Neuroscience are dealing with how our brain responds to certain/specific sensory stimuli, distinguishing the good from the disgusting, and usually preferring spicy and sweet, bitter and sour. As for the receptors of basic tastes, it should be remembered that the principle of sensitivity also applies to chemesthetics that varies from individual to individual in relation to genetic factors, to exposure to molecules responsible for perceptions, to the physiological state of the individual (age, disease).


In cases where the level of spiciness exceeds the threshold value of the individual, the adaptive manifestations of the subject are aimed at the expulsion of substances that produce irritation, such as diffuse sweating, lacrimation, redness, rhinorrhea, increased body temperature, salivation, and inflammation of the epidermis (in particular of the nasal mucosa).

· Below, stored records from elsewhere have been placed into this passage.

lemma islimpt_of_real_interval:
  assumes "a < c" "c < b"
  shows "complex_of_real c islimpt complex_of_real ` {a<..<b}"
  unfolding islimpt_approachable
proof (intro allI impI)
  fix e :: real assume "e > 0"
  define m where "m = min (e/2) ((b - c)/2)"
  define c' where "c' = c + m"
  have "0 < m"
    using assms \<open>e > 0\<close> by (simp add: m_def)
  moreover have "m \<le> e/2" "m \<le> (b - c)/2"
    unfolding m_def by (rule min.cobounded1, rule min.cobounded2)
  ultimately have "a < c'" "c' < b" "c' \<noteq> c" "dist c' c < e"
    using assms by (auto simp: dist_real_def c'_def)
  then show "\<exists>x'\<in>complex_of_real ` {a<..<b}. x' \<noteq> complex_of_real c \<and> dist x' (complex_of_real c) < e"
    by (intro bexI[of _ "complex_of_real c'"]) (auto simp: dist_of_real)
qed

lemma analytic_continuation_real_interval:
  assumes "f holomorphic_on S" "open S" "connected S"
    and "a < b" "complex_of_real ` {a<..<b} \<subseteq> S"
    and "\<And>t. a < t \<Longrightarrow> t < b \<Longrightarrow> f (complex_of_real t) = 0"
    and "w \<in> S"
  shows "f w = 0"
proof (rule analytic_continuation[OF assms(1-3,5)])
  have "complex_of_real ((a + b) / 2) \<in> complex_of_real ` {a<..<b}"
    using assms(4) by (intro imageI) auto
  then show "complex_of_real ((a + b) / 2) \<in> S"
    using assms(5) by blast
  show "complex_of_real ((a + b) / 2) islimpt complex_of_real ` {a<..<b}"
    using assms(4) by (intro islimpt_of_real_interval) auto
qed (use assms(6,7) in auto)

lemma open_connected_diff_countable:
  fixes U T :: "complex set"
  assumes "open U" "connected U" "countable T" "closed T"
  shows "open (U - T)" "connected (U - T)"
  using assms by (auto intro: connected_open_diff_countable)

lemma beta_series_term_of_real:
  "beta_series_term (complex_of_real (\<sigma> + \<tau>)) (complex_of_real \<sigma>) n =
     complex_of_real (((-(\<sigma> + \<tau>)) gchoose n) * (1 / (real n + \<sigma>) + 1 / (real n + \<tau>)))"
  by (simp add: beta_series_term_def gbinomial_pochhammer flip: pochhammer_of_real)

So, in cases where stimuli are excessive in intensity and persistence, they can interfere with other perceptions, masking to the point of undermining the acceptability by the consumer. In cases where the spicy level is lower than the threshold value of the individual, the response becomes acceptable up to liking it and can be seen in:

- enhancing the flavour for the increase of: 

i. salivary secretion (with increased action of digestive enzymes and flavour enhancers) which increases palatability, with an effect on the creaminess and adhesiveness of fats or oiliness of oils in sauces;

ii. the persistence and amplification of accessory, gustatory, aromatic and tactile perceptions, as the overlap of the signals produces a kind of self-amplification due to the overexcitation of the perception.

- Neurotransmitters stimulation:

i. acceleration of the metabolic activity;

ii. production of endorphins (mediators of the state of pleasure and satisfaction) that act on our mood making us almost euphoric, no longer making us perceive the spiciness as painful, but as something pleasant.

Since the pain receptors make sure that persistent damage is not “forgotten”, and therefore a painful feeling is maintained for a long time even if the cause which provoked it is no longer present, it is possible that this effect favors the memory of the sensation of pleasure and satisfaction, induced by spiciness at the level close to that threshold of the individual.